Across the globe, millions of people die annually from respiratory disorders including both infectious and inflammatory diseases. Lower tract respiratory infections alone affect over a billion people annually, making this a significant public health concern. The delicate balance between combatting infections and minimizing harm to self-tissue is primarily maintained by the gas-exchanging alveoli in the lower respiratory tract. In this battle, alveolar macrophages (AM) are the first cells to encounter airborne pathogens and environmental particles. The tissue environment heavily influences the phenotype and function of these macrophages, and they differ from other macrophages found in the lung interstitium and other organs. Unfortunately, there are currently no readily available in vitro models of human AMs (HAMs), presenting a major challenge, especially during the COVID-19 pandemic. To advance translational studies and clinical benefits for humans, there is an urgent need for a cost-effective method to generate or expand primary human cells for HAM phenotype. Fortunately, a unique model for producing human alveolar macrophage-like (AML) cells has been developed, involving the differentiation of blood monocytes in vitro using a defined cocktail of lung components that mimic the alveolar environment in cell culture (Pahari et al., mBio 2023). This non-invasive model is significantly less costly than performing a bronchoalveolar lavage to retrieve HAMs and yields more AML cells than HAMs obtained from a single person. The AML model has also been employed to study M. tuberculosis and SARS-CoV-2. Therefore, the AML model is critical to advancing our understanding of respiratory diseases, from COVID-19 and tuberculosis to asthma, cystic fibrosis, and chronic obstructive pulmonary disease.
Selected Publications
Pahari, Susanta, Eusondia Arnett, Jan Simper, Abul Azad, Israel Guerrero-Arguero, Chengjin Ye, Hao Zhang, et al. (2023) 2023. “A New Tractable Method for Generating Human Alveolar Macrophage-Like Cells in Vitro to Study Lung Inflammatory Processes and Diseases”. MBio 14 (4): e0083423. https://doi.org/10.1128/mbio.00834-23.

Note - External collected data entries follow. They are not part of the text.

(* Let $\Phi: H_n\to H_k$ be a trace-preserving unital linear map and let $\rho\in H_n\otimes H_m$ be Hermitian. Then \[ {\rm Tr}\left[\left((\Phi\otimes\mathrm{id})(\rho)\right)^2\right]\leq\left(\frac1k-\frac{\|A_\Phi\|_\infty}{n}\right){\rm Tr}\left[\rho_K^2\right]+\|A_\Phi\|_\infty\,{\rm Tr}\left[\rho^2\right], \] where $\mathrm{id}$ is the identity map on $H_m$ and $\rho_K={\rm Tr}_{H_n}[\rho]\in H_m$ is the partial trace over the first factor.
   Context: $H_n$ is the real vector space of $n\times n$ Hermitian matrices with inner product ${\rm Tr}(XY)$, and $H_{n,0}$ its subspace of traceless matrices. A linear map $\Phi:H_n\to H_k$ is unital if $\Phi(I_n/n)=I_k/k$. Fix an orthonormal basis $M_1,\dots,M_{n^2-1}$ of $H_{n,0}$ and define the real symmetric positive semidefinite matrix $A_\Phi$ by $(A_\Phi)_{i,j}={\rm Tr}[\Phi(M_i)\Phi(M_j)]$, $1\le i,j\le n^2-1$; $\|A_\Phi\|_\infty$ is its largest eigenvalue (independent of the chosen basis). *)

theory Defs
  imports "Jordan_Normal_Form.Matrix" "Jordan_Normal_Form.Char_Poly" "HOL.Complex"
begin

definition mtrace :: "'a::comm_ring_1 mat \<Rightarrow> 'a" where
  "mtrace A = (\<Sum>i<dim_row A. A $$ (i, i))"

definition Herm :: "nat \<Rightarrow> complex mat set" where
  "Herm n = {A \<in> carrier_mat n n. \<forall>i<n. \<forall>j<n. A $$ (i, j) = cnj (A $$ (j, i))}"

definition Herm0 :: "nat \<Rightarrow> complex mat set" where
  "Herm0 n = {A \<in> Herm n. mtrace A = 0}"

definition herm_linear_map :: "nat \<Rightarrow> nat \<Rightarrow> (complex mat \<Rightarrow> complex mat) \<Rightarrow> bool" where
  "herm_linear_map n k \<Phi> \<longleftrightarrow>
     (\<forall>X\<in>Herm n. \<Phi> X \<in> Herm k) \<and>
     (\<forall>X\<in>Herm n. \<forall>Y\<in>Herm n. \<forall>a b :: real.
        \<Phi> (complex_of_real a \<cdot>\<^sub>m X + complex_of_real b \<cdot>\<^sub>m Y)
          = complex_of_real a \<cdot>\<^sub>m \<Phi> X + complex_of_real b \<cdot>\<^sub>m \<Phi> Y)"

definition trace_preserving :: "nat \<Rightarrow> (complex mat \<Rightarrow> complex mat) \<Rightarrow> bool" where
  "trace_preserving n \<Phi> \<longleftrightarrow> (\<forall>X\<in>Herm n. mtrace (\<Phi> X) = mtrace X)"

definition unital :: "nat \<Rightarrow> nat \<Rightarrow> (complex mat \<Rightarrow> complex mat) \<Rightarrow> bool" where
  "unital n k \<Phi> \<longleftrightarrow>
     \<Phi> (complex_of_real (1 / real n) \<cdot>\<^sub>m 1\<^sub>m n) = complex_of_real (1 / real k) \<cdot>\<^sub>m 1\<^sub>m k"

Alveolar macrophages (AMs) are unique lung resident cells that contact airborne pathogens and environmental particulates. The contribution of human AMs (HAMs) to pulmonary diseases remains poorly understood due to the difficulty in accessing them from human donors and their rapid phenotypic change during in vitro culture. Thus, there remains an unmet need for cost-effective methods for generating and/or differentiating primary cells into a HAM phenotype, particularly important for translational and clinical studies. We developed cell culture conditions that mimic the lung alveolar environment in humans using lung lipids, that is, Infasurf (calfactant, natural bovine surfactant) and lung-associated cytokines (granulocyte macrophage colony-stimulating factor, transforming growth factor-β, and interleukin 10) that facilitate the conversion of blood-obtained monocytes to an AM-like (AML) phenotype and function in tissue culture. Similar to HAM, AML cells are particularly susceptible to both Mycobacterium tuberculosis and severe acute respiratory syndrome coronavirus 2 (SARS-CoV-2) infections. This study reveals the importance of alveolar space components in the development and maintenance of HAM phenotype and function and provides a readily accessible model to study HAM in infectious and inflammatory disease processes, as well as therapies and vaccines. IMPORTANCE Millions die annually from respiratory disorders. Lower respiratory track gas-exchanging alveoli maintain a precarious balance between fighting invaders and minimizing tissue damage. Key players herein are resident AMs. However, there are no easily accessible in vitro models of HAMs, presenting a huge scientific challenge. Here, we present a novel model for generating AML cells based on differentiating blood monocytes in a defined lung component cocktail. This model is non-invasive, significantly less costly than performing a bronchoalveolar lavage, yields more AML cells than HAMs per donor, and retains their phenotype in culture. We have applied this model to early studies of M. tuberculosis and SARS-CoV-2. This model will significantly advance respiratory biology research.